From 7cdfa499633eeb08daf9242d826e584261d673c8 Mon Sep 17 00:00:00 2001
From: Dietmar Maurer <dietmar@proxmox.com>
Date: Wed, 3 Dec 2014 06:58:38 +0100
Subject: [PATCH] update docu

---
 README | 48 ++++++++++++++++++++++++++++++++++++++++++++++--
 1 file changed, 46 insertions(+), 2 deletions(-)

diff --git a/README b/README
index 372182d..6b56dd6 100644
--- a/README
+++ b/README
@@ -1,6 +1,50 @@
-= Experimental implementation of a simple HA Manager =
+= Proxmox HA Manager =
 
-- should run with any distributed key/value store (consul, ...)
+== Motivation ==
+
+The current HA manager has a bunch of drawbacks:
+
+- no more development (redhat moved to pacemaker)
+
+- highly depend on corosync (old version)
+
+- complicated code (cause by compatibility layer with 
+  older cluster stack (cman)
+
+- no self-fencing
+
+In future, we want to make HA easier for our users, and it should 
+be possible to move to newest corosync, or even a totally different 
+cluster stack. So we want:
+
+- possible to run with any distributed key/value store which provides
+  some kind of locking (with timeouts).
+
+- self fencing using linux watchdog device
+
+- implemented in perl, so thatw e can use PVE framework
 
 - only works with simply resources like VMs
 
+= Architecture =
+
+== Cluster requirements ==
+
+=== Cluster wide locks with timeouts ===
+
+The cluster stack must provide cluster wide locks with timeouts.

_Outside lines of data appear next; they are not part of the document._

(* Let $R\subseteq\mathbb R$ be an archimedean real closed field, let $F$ be a formally real extension field of $R$, and let $\xi$ be an $\mathbb R$-place of $F$ with $\xi|_R=\mathrm{id}_R$; put $\overline F=\xi(F)\setminus\{\infty\}\subseteq\mathbb R$. Let $\xi_y$ be the constant extension of $\xi$ to $F(y)$, and for $\zeta\in M(R(y))$ let $\zeta_{\overline F}$ be the constant extension of $\zeta$ to $\overline F(y)$. Then the map $\iota:M(R(y))\to M(F(y))$, $\iota(\zeta)=\zeta_{\overline F}\circ\xi_y$, is a continuous injective map.
   Context: For a field $K$, $M(K)$ is the set of $\mathbb R$-places $K\to\mathbb R\cup\{\infty\}$, with topology generated by the subbasis $H'(b)=\{\zeta\in M(K)\mid \infty\ne\zeta(b)>0\}$, $b\in K$. The constant (Gauss) extension $\xi_y$ of $\xi$ to $F(y)$ is the place of $F(y)$ extending $\xi$ whose valuation is the Gauss valuation: on a polynomial $\sum c_iy^i\in F[y]$ with all $c_i$ in the valuation ring of $\xi$ it acts by applying $\xi$ to the coefficients, and its residue field is $\overline F(y)$. Every $\zeta\in M(R(y))$ is the identity on $R$; its constant extension $\zeta_{\overline F}$ is the unique $\mathbb R$-place of $\overline F(y)$ which is the identity on $\overline F$ and satisfies $\zeta_{\overline F}(y)=\zeta(y)$ (if $\zeta(y)=a\in R$ this is the place determined by $y-a$, if $\zeta(y)=\infty$ the place determined by $1/y$). $R(y)$, $F(y)$, $\overline F(y)$ are rational function fields in one variable $y$. *)

theory Defs
  imports "HOL-Analysis.Analysis" "HOL-Computational_Algebra.Polynomial"
          "HOL-Computational_Algebra.Fraction_Field"
begin

text \<open>Values in L \<union> {\<infinity>} are modelled by option: None = \<infinity>.\<close>

definition is_subfield :: "'a::field set \<Rightarrow> bool" where
  "is_subfield K \<longleftrightarrow> 0 \<in> K \<and> 1 \<in> K \<and>
     (\<forall>a\<in>K. \<forall>b\<in>K. a + b \<in> K \<and> a * b \<in> K) \<and>
     (\<forall>a\<in>K. - a \<in> K) \<and> (\<forall>a\<in>K. a \<noteq> 0 \<longrightarrow> inverse a \<in> K)"

definition real_closed_subfield :: "real set \<Rightarrow> bool" where
  "real_closed_subfield R \<longleftrightarrow> is_subfield R \<and>
     (\<forall>a\<in>R. a \<ge> 0 \<longrightarrow> (\<exists>b\<in>R. b * b = a)) \<and>
     (\<forall>p::real poly. (\<forall>i. coeff p i \<in> R) \<and> odd (degree p) \<longrightarrow> (\<exists>x\<in>R. poly p x = 0))"

definition archimedean_set :: "real set \<Rightarrow> bool" where
  "archimedean_set R \<longleftrightarrow> (\<forall>x\<in>R. \<exists>n::nat. x < of_nat n)"

definition formally_real :: "'f::field itself \<Rightarrow> bool" where
  "formally_real _ \<longleftrightarrow> \<not> (\<exists>xs::'f list. sum_list (map (\<lambda>x. x * x) xs) = -1)"

definition field_embedding_on :: "real set \<Rightarrow> (real \<Rightarrow> 'f::field) \<Rightarrow> bool" where
  "field_embedding_on R e \<longleftrightarrow> e 1 = 1 \<and> inj_on e R \<and>
     (\<forall>a\<in>R. \<forall>b\<in>R. e (a + b) = e a + e b \<and> e (a * b) = e a * e b)"

definition place_on :: "'a::field set \<Rightarrow> 'b::field set \<Rightarrow> ('a \<Rightarrow> 'b option) \<Rightarrow> bool" where
  "place_on K L P \<longleftrightarrow>
     (\<forall>a\<in>K. \<forall>x. P a = Some x \<longrightarrow> x \<in> L) \<and>
     P 1 = Some 1 \<and>
     (\<forall>a\<in>K. \<forall>b\<in>K. \<forall>x y. P a = Some x \<and> P b = Some y \<longrightarrow>
          P (a + b) = Some (x + y) \<and> P (a * b) = Some (x * y)) \<and>
     (\<forall>a\<in>K. a \<noteq> 0 \<longrightarrow> (P a = None \<longleftrightarrow> P (inverse a) = Some 0))"

definition M :: "'a::field set \<Rightarrow> ('a \<Rightarrow> real option) set" where
  "M K = {P. place_on K UNIV P \<and> (\<forall>a. a \<notin> K \<longrightarrow> P a = None)}"

definition H' :: "'a::field set \<Rightarrow> 'a \<Rightarrow> ('a \<Rightarrow> real option) set" where
  "H' K b = {\<zeta> \<in> M K. \<exists>r. \<zeta> b = Some r \<and> r > 0}"

definition Mtop :: "'a::field set \<Rightarrow> ('a \<Rightarrow> real option) topology" where
  "Mtop K = topology_generated_by {H' K b | b. b \<in> K}"

definition ratfun :: "real set \<Rightarrow> real poly fract set" where
  "ratfun S = {Fract p q | p q. q \<noteq> 0 \<and> (\<forall>i. coeff p i \<in> S) \<and> (\<forall>i. coeff q i \<in> S)}"

definition yvar :: "'a::field poly fract" where
  "yvar = Fract [:0, 1:] 1"

definition cst :: "'a::field \<Rightarrow> 'a poly fract" where
  "cst c = Fract [:c:] 1"

definition residue_field :: "('f::field \<Rightarrow> real option) \<Rightarrow> real set" where
  "residue_field \<xi> = {r. \<exists>x. \<xi> x = Some r}"

definition gauss_ext :: "('f::field \<Rightarrow> real option) \<Rightarrow> ('f poly fract \<Rightarrow> real poly fract option)" where
  "gauss_ext \<xi> = (THE P. place_on UNIV (ratfun (residue_field \<xi>)) P \<and>
      (\<forall>p. (\<forall>i. \<xi> (coeff p i) \<noteq> None) \<longrightarrow>
            P (Fract p 1) = Some (Fract (map_poly (\<lambda>c. the (\<xi> c)) p) 1)))"

definition const_ext :: "real set \<Rightarrow> (real poly fract \<Rightarrow> real option) \<Rightarrow> (real poly fract \<Rightarrow> real option)" where
  "const_ext Fb \<zeta> = (THE Q. Q \<in> M (ratfun Fb) \<and> (\<forall>c\<in>Fb. Q (cst c) = Some c) \<and> Q yvar = \<zeta> yvar)"

definition comp_place :: "('b \<Rightarrow> real option) \<Rightarrow> ('a \<Rightarrow> 'b option) \<Rightarrow> 'a \<Rightarrow> real option" where
  "comp_place Q P a = (case P a of None \<Rightarrow> None | Some b \<Rightarrow> Q b)"

definition iota :: "('f::field \<Rightarrow> real option) \<Rightarrow> (real poly fract \<Rightarrow> real option) \<Rightarrow> ('f poly fract \<Rightarrow> real option)" where
  "iota \<xi> \<zeta> = comp_place (const_ext (residue_field \<xi>) \<zeta>) (gauss_ext \<xi>)"

end

theory Submission
  imports Defs
begin

text \<open>An \<open>\<real>\<close>-place \<open>\<zeta>\<close> of \<open>R(y)\<close> is the identity on \<open>R\<close> (nonnegative elements of \<open>R\<close> are squares
  and \<open>R \<subseteq> \<real>\<close>), hence it is determined by \<open>\<zeta>(y) \<in> \<real> \<union> {\<infinity>}\<close>: it sends \<open>f\<close> to the limit of \<open>f(t)\<close>
  for \<open>t \<rightarrow> \<zeta>(y)\<close>. So \<open>\<iota>(\<zeta>)\<close> sends \<open>f\<close> to the limit of the Gauss reduction \<open>\<xi>\<^sub>y(f)\<close> at \<open>\<zeta>(y)\<close>; in
  particular \<open>\<iota>(\<zeta>)(y) = \<zeta>(y)\<close>, which gives injectivity. For continuity, positivity of the limit of
  a real rational function at \<open>t\<close> is an open condition in \<open>t \<in> \<real> \<union> {\<infinity>}\<close>, and the neighbourhoods
  \<open>c < y < d\<close> and \<open>\<bar>y\<bar> > c\<close> (\<open>c, d \<in> \<rat>\<close>) are the basic open sets \<open>H'((y - c)(d - y))\<close> and
  \<open>H'(y\<^sup>2 / (y\<^sup>2 - c\<^sup>2))\<close> of \<open>M(R(y))\<close>.\<close>

lemma is_subfield_UNIV: "is_subfield (UNIV :: 'a::field set)"
  by (simp add: is_subfield_def)

lemma is_subfieldD:
  assumes "is_subfield K"
  shows "0 \<in> K" "1 \<in> K" "a \<in> K \<Longrightarrow> b \<in> K \<Longrightarrow> a + b \<in> K"
    "a \<in> K \<Longrightarrow> b \<in> K \<Longrightarrow> a * b \<in> K" "a \<in> K \<Longrightarrow> - a \<in> K"
    "a \<in> K \<Longrightarrow> inverse a \<in> K"
  using assms unfolding is_subfield_def by auto

lemma is_subfield_diff: "is_subfield K \<Longrightarrow> a \<in> K \<Longrightarrow> b \<in> K \<Longrightarrow> a - b \<in> K"
  by (metis diff_conv_add_uminus is_subfieldD(3,5))

lemma is_subfield_divide: "is_subfield K \<Longrightarrow> a \<in> K \<Longrightarrow> b \<in> K \<Longrightarrow> a / b \<in> K"
  by (simp add: divide_inverse is_subfieldD)

lemma is_subfield_power: "is_subfield K \<Longrightarrow> a \<in> K \<Longrightarrow> a ^ n \<in> K"
  by (induction n) (auto intro: is_subfieldD)

lemma is_subfield_sum: "is_subfield K \<Longrightarrow> (\<And>i. i \<in> I \<Longrightarrow> g i \<in> K) \<Longrightarrow> sum g I \<in> K"
  by (induction I rule: infinite_finite_induct) (auto intro: is_subfieldD)

lemma is_subfield_of_nat: "is_subfield K \<Longrightarrow> of_nat n \<in> K"
  by (induction n) (auto intro: is_subfieldD)

lemma is_subfield_of_int: "is_subfield K \<Longrightarrow> of_int k \<in> K"
  by (cases k rule: int_cases) (auto intro: is_subfieldD is_subfield_of_nat simp del: of_nat_Suc)

lemma Rats_subset_subfield: "is_subfield K \<Longrightarrow> \<rat> \<subseteq> K"
  by (auto elim!: Rats_cases' intro!: is_subfield_divide is_subfield_of_int)

lemma place_on_range: "place_on K L P \<Longrightarrow> a \<in> K \<Longrightarrow> P a = Some x \<Longrightarrow> x \<in> L"
  unfolding place_on_def by auto

lemma place_on_one: "place_on K L P \<Longrightarrow> P 1 = Some 1"
  unfolding place_on_def by blast

lemma place_on_add:
  "place_on K L P \<Longrightarrow> a \<in> K \<Longrightarrow> b \<in> K \<Longrightarrow> P a = Some x \<Longrightarrow> P b = Some y \<Longrightarrow> P (a + b) = Some (x + y)"
  unfolding place_on_def by auto

lemma place_on_mult:
  "place_on K L P \<Longrightarrow> a \<in> K \<Longrightarrow> b \<in> K \<Longrightarrow> P a = Some x \<Longrightarrow> P b = Some y \<Longrightarrow> P (a * b) = Some (x * y)"
  unfolding place_on_def by auto

lemma place_on_None_iff:
  "place_on K L P \<Longrightarrow> a \<in> K \<Longrightarrow> a \<noteq> 0 \<Longrightarrow> P a = None \<longleftrightarrow> P (inverse a) = Some 0"
  unfolding place_on_def by blast

lemma place_on_minus_one:
  assumes P: "place_on K L P" and K: "is_subfield K"
  shows "P (-1) = Some (-1)"
proof -
  have m1: "-1 \<in> K" using is_subfieldD[OF K] by blast
  obtain m where m: "P (-1) = Some m"
    using place_on_None_iff[OF P m1] by fastforce
  have z: "P 0 = Some (1 + m)"
    using place_on_add[OF P _ m1 place_on_one[OF P] m] is_subfieldD(2)[OF K] by simp
  then have "P (0 + 0) = Some ((1 + m) + (1 + m))"
    using place_on_add[OF P _ _ z z] is_subfieldD(1)[OF K] by blast
  then show ?thesis using m z by (simp add: eq_neg_iff_add_eq_0 add.commute)
qed

lemma place_on_zero:
  assumes P: "place_on K L P" and K: "is_subfield K"
  shows "P 0 = Some 0"
  using place_on_add[OF P is_subfieldD(2,5)[OF K] place_on_one[OF P] place_on_minus_one[OF P K]]
    is_subfieldD(2)[OF K] by simp

lemma place_on_uminus:
  assumes P: "place_on K L P" and K: "is_subfield K" and a: "a \<in> K" "P a = Some x"
  shows "P (- a) = Some (- x)"
  using place_on_mult[OF P _ a(1) place_on_minus_one[OF P K] a(2)] is_subfieldD(2,5)[OF K] by simp

lemma place_on_diff:
  assumes P: "place_on K L P" and K: "is_subfield K" and ab: "a \<in> K" "b \<in> K"
    and "P a = Some x" "P b = Some y"
  shows "P (a - b) = Some (x - y)"
  using place_on_add[OF P ab(1) is_subfieldD(5)[OF K ab(2)] assms(5) place_on_uminus[OF P K ab(2) assms(6)]]
  by simp

lemma place_on_inverse:
  assumes P: "place_on K L P" and K: "is_subfield K" and a: "a \<in> K" "P a = Some x" "x \<noteq> 0"
  shows "P (inverse a) = Some (inverse x)"
proof -
  have a0: "a \<noteq> 0" using a place_on_zero[OF P K] by auto
  have ia: "inverse a \<in> K" "inverse a \<noteq> 0" using is_subfieldD(6)[OF K a(1)] a0 by auto
  obtain z where z: "P (inverse a) = Some z"
    using place_on_None_iff[OF P ia] a by fastforce
  have "P (a * inverse a) = Some (x * z)" using place_on_mult[OF P a(1) ia(1) a(2) z] .
  then have "x * z = 1" using a0 place_on_one[OF P] by simp
  then show ?thesis using z a(3) by (simp add: field_simps)
qed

+The Proxmox 'pmxcfs' implements this on top of corosync.
+
+== Self fencing ==
+
+A node needs to aquire a special 'agent_lock' (one separate lock for
+each node) before starting HA resources, and the node updates the
+watchdog device once it get that lock. If the node loose quorum, or is
+unable to get the 'agent_lock', the watchdog is no longer updated. The
+node can release the lock if there are no running HA resources.
+
+This makes sure that the node holds the 'agent_lock' as long as there
+are running services on that node.
+
+The HA manger can assume that the watchdog triggered a reboot when he
+is able to aquire the 'agent_lock' for that node.